韓国の公立医療機関の大多数が医師や看護師を定員どおり確保できていないことが明らかになった。地域格差解消と公的医療強化が政府の重要課題とされるなか、専門家は「地域に根ざした生活環境改善と人材循環の仕組みが不可欠だ」と指摘する。
国会保健福祉委員会のキム・ソンミン議員(祖国革新党)が国立中央医療院から受けた資料によると、2024年末時点で全国35の公立医療院に勤務する医師は1343人で、定員1451人の92.6%にとどまった。看護職員も8262人の定員に対し7669人(92.8%)しか確保されず、26施設で定員割れだった。ソウル医療院や城南医療院など大都市圏でも医師・看護師が大幅に不足している。
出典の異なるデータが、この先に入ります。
lemma dderiv_prod_diff_eq_sum_esym:
  fixes lam :: "nat \<Rightarrow> real^'n \<Rightarrow> real"
  assumes ld: "\<forall>i\<in>{1..n}. lam i differentiable (at p)"
  shows "(\<Sum>i\<in>{1..n}. - dderiv (lam i) p v * (\<Prod>j\<in>{1..n} - {i}. t - lam j p))
    = (\<Sum>j\<in>{0..n}. (-1)^j * t^(n-j) * dderiv (esym n j lam) p v)"
proof -
  have "((\<lambda>q. \<Prod>i\<in>{1..n}. t - lam i q) has_derivative
      (\<lambda>v. \<Sum>i\<in>{1..n}. - dderiv (lam i) p v * (\<Prod>j\<in>{1..n} - {i}. t - lam j p))) (at p)"
    using ld by (intro has_derivative_prod has_derivative_diff[where f'="\<lambda>_. 0", simplified]
        has_derivative_const differentiable_imp_has_dderiv) auto
  moreover have "((\<lambda>q. \<Prod>i\<in>{1..n}. t - lam i q) has_derivative
      (\<lambda>v. \<Sum>j\<in>{0..n}. (-1)^j * t^(n-j) * dderiv (esym n j lam) p v)) (at p)"
    unfolding prod_diff_eq_sum_esym esym_def[symmetric]
    by (intro has_derivative_sum has_derivative_mult_right differentiable_imp_has_dderiv esym_differentiable[OF ld])
  ultimately have "(\<lambda>v. \<Sum>i\<in>{1..n}. - dderiv (lam i) p v * (\<Prod>j\<in>{1..n} - {i}. t - lam j p))
      = (\<lambda>v. \<Sum>j\<in>{0..n}. (-1)^j * t^(n-j) * dderiv (esym n j lam) p v)"
    by (rule has_derivative_unique)
  then show ?thesis
    by (rule fun_cong)
qed

lemma dderiv_esym_eq_0:
  assumes "open D" "p \<in> D"
    and const: "\<forall>j\<in>{1..n}. j \<noteq> n - 1 \<longrightarrow> (\<exists>c. \<forall>q\<in>D. esym n j lam q = c)"
    and "j \<le> n" "j \<noteq> n - 1"
  shows "dderiv (esym n j lam) p v = 0"
proof (cases "j = 0")
  case True
  then show ?thesis by (simp add: dderiv_locally_const[OF assms(1,2), of _ 1])
next
  case False
  then obtain c where "\<forall>q\<in>D. esym n j lam q = c"
    using const assms(4,5) by fastforce
  then show ?thesis by (rule dderiv_locally_const[OF assms(1,2)])
qed

lemma dderiv_lam_mult_pderiv_charpoly:
  fixes lam :: "nat \<Rightarrow> real^'n \<Rightarrow> real"
  assumes "open D" "p \<in> D"
    and ld: "\<forall>i\<in>{1..n}. lam i differentiable (at p)"
    and const: "\<forall>j\<in>{1..n}. j \<noteq> n - 1 \<longrightarrow> (\<exists>c. \<forall>q\<in>D. esym n j lam q = c)"
    and l: "l \<in> {1..n}"
  shows "dderiv (lam l) p v * poly (pderiv (charpoly n lam p)) (lam l p)
       = (-1)^n * lam l p * dderiv (esym n (n - 1) lam) p v"
proof -
  have "- dderiv (lam l) p v * poly (pderiv (charpoly n lam p)) (lam l p)
      = (\<Sum>i\<in>{1..n}. - dderiv (lam i) p v * (\<Prod>j\<in>{1..n} - {i}. lam l p - lam j p))"
    using sum_mult_prod_diff_remove[of "{1..n}" l "\<lambda>i. - dderiv (lam i) p v" "\<lambda>i. lam i p"] l
    by (simp add: poly_pderiv_charpoly)
  also have "\<dots> = (\<Sum>j\<in>{0..n}. (-1)^j * lam l p^(n-j) * dderiv (esym n j lam) p v)"
    by (rule dderiv_prod_diff_eq_sum_esym[OF ld])
  also have "\<dots> = (\<Sum>j\<in>{0..n}.
      if j = n - 1 then (-1)^(n-1) * lam l p * dderiv (esym n (n - 1) lam) p v else 0)"
    using l dderiv_esym_eq_0[OF assms(1,2) const] by (intro sum.cong) auto
  also have "\<dots> = - ((-1)^n * lam l p * dderiv (esym n (n - 1) lam) p v)"
    using l by (cases n) auto
  finally show ?thesis by simp
qed

section \<open>Sums over triples of distinct indices\<close>

definition distinct_triples :: "nat \<Rightarrow> (nat \<times> nat \<times> nat) set" where
  "distinct_triples n =
    {(i,j,k). i \<in> {1..n} \<and> j \<in> {1..n} \<and> k \<in> {1..n} \<and> i \<noteq> j \<and> k \<noteq> i \<and> k \<noteq> j}"

definition distinct_triples_lt :: "nat \<Rightarrow> (nat \<times> nat \<times> nat) set" where
  "distinct_triples_lt n =
    {(i,j,k). i \<in> {1..n} \<and> j \<in> {1..n} \<and> k \<in> {1..n} \<and> i < j \<and> k \<noteq> i \<and> k \<noteq> j}"

lemma finite_distinct_triples: "finite (distinct_triples n)"
  by (rule finite_subset[of _ "{1..n} \<times> {1..n} \<times> {1..n}"]) (auto simp: distinct_triples_def)

lemma sum_distinct_triples_eq_twice_lt:
  fixes f :: "nat \<Rightarrow> nat \<Rightarrow> nat \<Rightarrow> real"
  assumes sym: "\<And>i j k. (i,j,k) \<in> distinct_triples n \<Longrightarrow> f i j k = f j i k"
  shows "(\<Sum>(i,j,k)\<in>distinct_triples n. f i j k) = 2 * (\<Sum>(i,j,k)\<in>distinct_triples_lt n. f i j k)"
proof -
  define gt where "gt = {(i,j,k). (j,i,k) \<in> distinct_triples_lt n}"
  have split: "distinct_triples n = distinct_triples_lt n \<union> gt"
    and disj: "distinct_triples_lt n \<inter> gt = {}"
    unfolding gt_def distinct_triples_def distinct_triples_lt_def by auto
  have "(\<Sum>(i,j,k)\<in>gt. f i j k) = (\<Sum>(i,j,k)\<in>distinct_triples_lt n. f i j k)"
    by (rule sum.reindex_bij_witness[where i="\<lambda>(i,j,k). (j,i,k)" and j="\<lambda>(i,j,k). (j,i,k)"])
       (auto simp: gt_def distinct_triples_lt_def distinct_triples_def sym)
  moreover have "finite (distinct_triples_lt n)" "finite gt"
    using finite_distinct_triples[of n] split by (auto intro: finite_subset)
  ultimately show ?thesis
    unfolding split by (simp add: sum.union_disjoint[OF _ _ disj])
qed

lemma sum_distinct_triples_cyclic_eq_0:
  fixes F :: "nat \<Rightarrow> nat \<Rightarrow> nat \<Rightarrow> real"
  assumes "\<And>i j k. (i,j,k) \<in> distinct_triples n \<Longrightarrow> F i j k + F j k i + F k i j = 0"
  shows "(\<Sum>(i,j,k)\<in>distinct_triples n. F i j k) = 0"
proof -
  let ?S = "\<lambda>F. \<Sum>(i,j,k)\<in>distinct_triples n. F i j k"
  have "?S F = ?S (\<lambda>i j k. F j k i)"
    by (rule sum.reindex_bij_witness[where i="\<lambda>(i,j,k). (j,k,i)" and j="\<lambda>(i,j,k). (k,i,j)"])
       (auto simp: distinct_triples_def)
  moreover have "?S F = ?S (\<lambda>i j k. F k i j)"
    by (rule sum.reindex_bij_witness[where i="\<lambda>(i,j,k). (k,i,j)" and j="\<lambda>(i,j,k). (j,k,i)"])
       (auto simp: distinct_triples_def)
  moreover have "?S (\<lambda>i j k. F i j k + F j k i + F k i j) = 0"
    using assms by (intro sum.neutral) auto
  ultimately show ?thesis
    by (simp add: sum.distrib split_def)
qed

lemma cyclic_sum_inverse_diff_products:
  fixes a b c :: real
  assumes "a \<noteq> b" "b \<noteq> c" "a \<noteq> c"
  shows "1 / ((a - c) * (b - c)) + 1 / ((b - a) * (c - a)) + 1 / ((c - b) * (a - b)) = 0"
proof -
  define x y where "x = a - b" and "y = b - c"
  have "x \<noteq> 0" "y \<noteq> 0" "x + y \<noteq> 0"
    using assms by (auto simp: x_def y_def)
  moreover have "(a - c) * (b - c) = (x + y) * y" "(b - a) * (c - a) = x * (x + y)"
    "(c - b) * (a - b) = - (y * x)"
    by (simp_all add: x_def y_def algebra_simps)
  ultimately show ?thesis
    by (simp add: divide_simps)
qed

lemma sum_distinct_triples_symmetric_div_eq_0:
  fixes l :: "nat \<Rightarrow> real" and h :: "nat \<Rightarrow> nat \<Rightarrow> nat \<Rightarrow> real"
  assumes inj: "inj_on l {1..n}"
    and swap12: "\<And>i j k. (i,j,k) \<in> distinct_triples n \<Longrightarrow> h i j k = h j i k"
    and swap23: "\<And>i j k. (i,j,k) \<in> distinct_triples n \<Longrightarrow> h i j k = h i k j"
  shows "(\<Sum>(i,j,k)\<in>distinct_triples n. (h i j k)^2 / ((l i - l k) * (l j - l k))) = 0"
proof (rule sum_distinct_triples_cyclic_eq_0)
  fix i j k assume ijk: "(i,j,k) \<in> distinct_triples n"
  then have "(j,i,k) \<in> distinct_triples n" "(k,i,j) \<in> distinct_triples n"
    unfolding distinct_triples_def by auto
  then have "h j k i = h i j k" "h k i j = h i j k"
    using ijk swap12 swap23 by metis+
  moreover have "l i \<noteq> l j" "l j \<noteq> l k" "l i \<noteq> l k"
    using ijk inj unfolding distinct_triples_def by (auto dest: inj_onD)
  ultimately show "(h i j k)^2 / ((l i - l k) * (l j - l k)) + (h j k i)^2 / ((l j - l i) * (l k - l i))
      + (h k i j)^2 / ((l k - l j) * (l i - l j)) = 0"
    using cyclic_sum_inverse_diff_products[of "l i" "l j" "l k"]
    by (simp add: add_divide_distrib[symmetric] divide_inverse distrib_left[symmetric])
qed

lemma sum_cross_terms_eq_0:
  fixes l :: "nat \<Rightarrow> real" and G :: "nat \<Rightarrow> nat \<Rightarrow> nat \<Rightarrow> real"
  assumes inj: "inj_on l {1..n}"
    and codazzi: "\<And>i j k. (i,j,k) \<in> distinct_triples n \<Longrightarrow> (l j - l k) * G i j k = (l i - l k) * G j i k"
    and antisym: "\<And>i j k. (i,j,k) \<in> distinct_triples n \<Longrightarrow> G i j k = - G i k j"
  shows "(\<Sum>(i,j,k)\<in>distinct_triples_lt n. G i j k * G j i k) = 0"
proof -
  define h where "h i j k = (l j - l k) * G i j k" for i j k
  define F where "F i j k = (h i j k)^2 / ((l i - l k) * (l j - l k))" for i j k
  have F_eq: "G i j k * G j i k = F i j k" if ijk: "(i,j,k) \<in> distinct_triples n" for i j k
  proof -
    have "(l i - l k) * (l j - l k) \<noteq> 0"
      using ijk inj unfolding distinct_triples_def by (auto dest: inj_onD)
    moreover have "(h i j k)^2 = h i j k * ((l i - l k) * G j i k)"
      using codazzi[OF ijk] by (simp add: h_def power2_eq_square)
    then have "(h i j k)^2 = G i j k * G j i k * ((l i - l k) * (l j - l k))"
      by (simp add: h_def algebra_simps)
    ultimately show ?thesis
      by (simp add: F_def eq_divide_eq)
  qed
  have F_sym: "F i j k = F j i k" if "(i,j,k) \<in> distinct_triples n" for i j k
    using codazzi[OF that] by (simp add: F_def h_def mult.commute)
  have "(\<Sum>(i,j,k)\<in>distinct_triples_lt n. G i j k * G j i k)
      = (\<Sum>(i,j,k)\<in>distinct_triples_lt n. F i j k)"
    by (intro sum.cong refl) (auto simp: F_eq distinct_triples_lt_def distinct_triples_def)
  also have "\<dots> = (\<Sum>(i,j,k)\<in>distinct_triples n. F i j k) / 2"
    using sum_distinct_triples_eq_twice_lt[of n F, OF F_sym] by simp
  also have "\<dots> = 0"
  proof -
    have swap12: "h i j k = h j i k" if "(i,j,k) \<in> distinct_triples n" for i j k
      using codazzi[OF that] by (simp add: h_def)
    have swap23: "h i j k = h i k j" if "(i,j,k) \<in> distinct_triples n" for i j k
      using antisym[OF that] by (simp add: h_def algebra_simps)
    show ?thesis
      using sum_distinct_triples_symmetric_div_eq_0[OF inj swap12 swap23] by (simp add: F_def)
  qed
  finally show ?thesis .
qed

lemma sum_distinct_triples_Gcoef:
  "(\<Sum>(i,j,k)\<in>distinct_triples n. bcoef n lam i k p * bcoef n lam j k p * s k)
    = (\<Sum>k\<in>{1..n}. Gcoef n lam k p * s k)"
proof -
  define P where "P k = {(i,j). i \<in> {1..n} \<and> j \<in> {1..n} \<and> i \<noteq> j \<and> i \<noteq> k \<and> j \<noteq> k}" for k
  have "finite (P k)" for k
    by (rule finite_subset[of _ "{1..n} \<times> {1..n}"]) (auto simp: P_def)
  have "(\<Sum>k\<in>{1..n}. Gcoef n lam k p * s k)
      = (\<Sum>k\<in>{1..n}. \<Sum>(i,j)\<in>P k. bcoef n lam i k p * bcoef n lam j k p * s k)"
    unfolding Gcoef_def P_def by (simp add: sum_distrib_right split_def)
  also have "\<dots> = (\<Sum>(k,i,j)\<in>Sigma {1..n} P. bcoef n lam i k p * bcoef n lam j k p * s k)"
    using \<open>finite (P _)\<close> by (subst sum.Sigma) (auto simp: split_def)
  also have "\<dots> = (\<Sum>(i,j,k)\<in>distinct_triples n. bcoef n lam i k p * bcoef n lam j k p * s k)"
    by (rule sum.reindex_bij_witness[where i="\<lambda>(i,j,k). (k,i,j)" and j="\<lambda>(k,i,j). (i,j,k)"])
       (auto simp: distinct_triples_def P_def)
  finally show ?thesis ..
qed

section \<open>A Codazzi tensor diagonalised by an orthonormal frame\<close>

locale codazzi_frame =
  fixes D :: "(real^'n) set"
    and g A :: "real^'n \<Rightarrow> real^'n^'n"
    and e :: "nat \<Rightarrow> real^'n \<Rightarrow> real^'n"
    and lam :: "nat \<Rightarrow> real^'n \<Rightarrow> real"
    and n :: nat
  assumes n_eq: "n = CARD('n)"
    and metric: "riem_metric D g"
    and frame_smooth: "\<forall>i\<in>{1..n}. smooth_vf D (e i)"
    and frame_on: "\<forall>p\<in>D. \<forall>i\<in>{1..n}. \<forall>j\<in>{1..n}.
                     tform g p (e i p) (e j p) = (if i = j then 1 else 0)"
    and A_smooth: "smooth_mf D A"
    and A_sym: "\<forall>p\<in>D. transpose (A p) = A p"
    and A_codazzi: "codazzi D g A"
    and A_diag: "\<forall>p\<in>D. \<forall>i\<in>{1..n}. \<forall>j\<in>{1..n}.
                     tform A p (e i p) (e j p) = (if i = j then lam i p else 0)"
begin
キム議員は「公的病院が十分な診療を提供できない状況」と警告し、地域医師制度や公立医科大学の設置など抜本的な対策を求めた。だが大韓医師協会は「憲法で保障された職業選択や居住移転の自由を侵害する」として強く反発している。
医師団体は「強制的な勤務義務ではなく、医療人材が自発的に地域・必須医療を担える環境整備こそ必要」と主張。かつての公衆保健奨学生制度が応募者不足で失敗した例を挙げ、「10年の義務勤務は臨時の対症療法にすぎない」と批判した。
現場の専門家らは「根本的には地方で働きやすい病院づくりが欠かせない」と一致する。江原道寧越医療院のチョ・スンヨン医師は「医師は応募がなくて採用できず、看護師は患者数や人件費の問題で採用を絞らざるを得ない。日本のように地域の病院を強化しなければ長期的解決は難しい」と語る。
チョン・ウンギョン(鄭銀敬)保健福祉相も「地域医療格差の解消と必須医療の確保、公的医療の強化が核心課題だ」と述べ、具体的なロードマップ作成を進める方針を示している。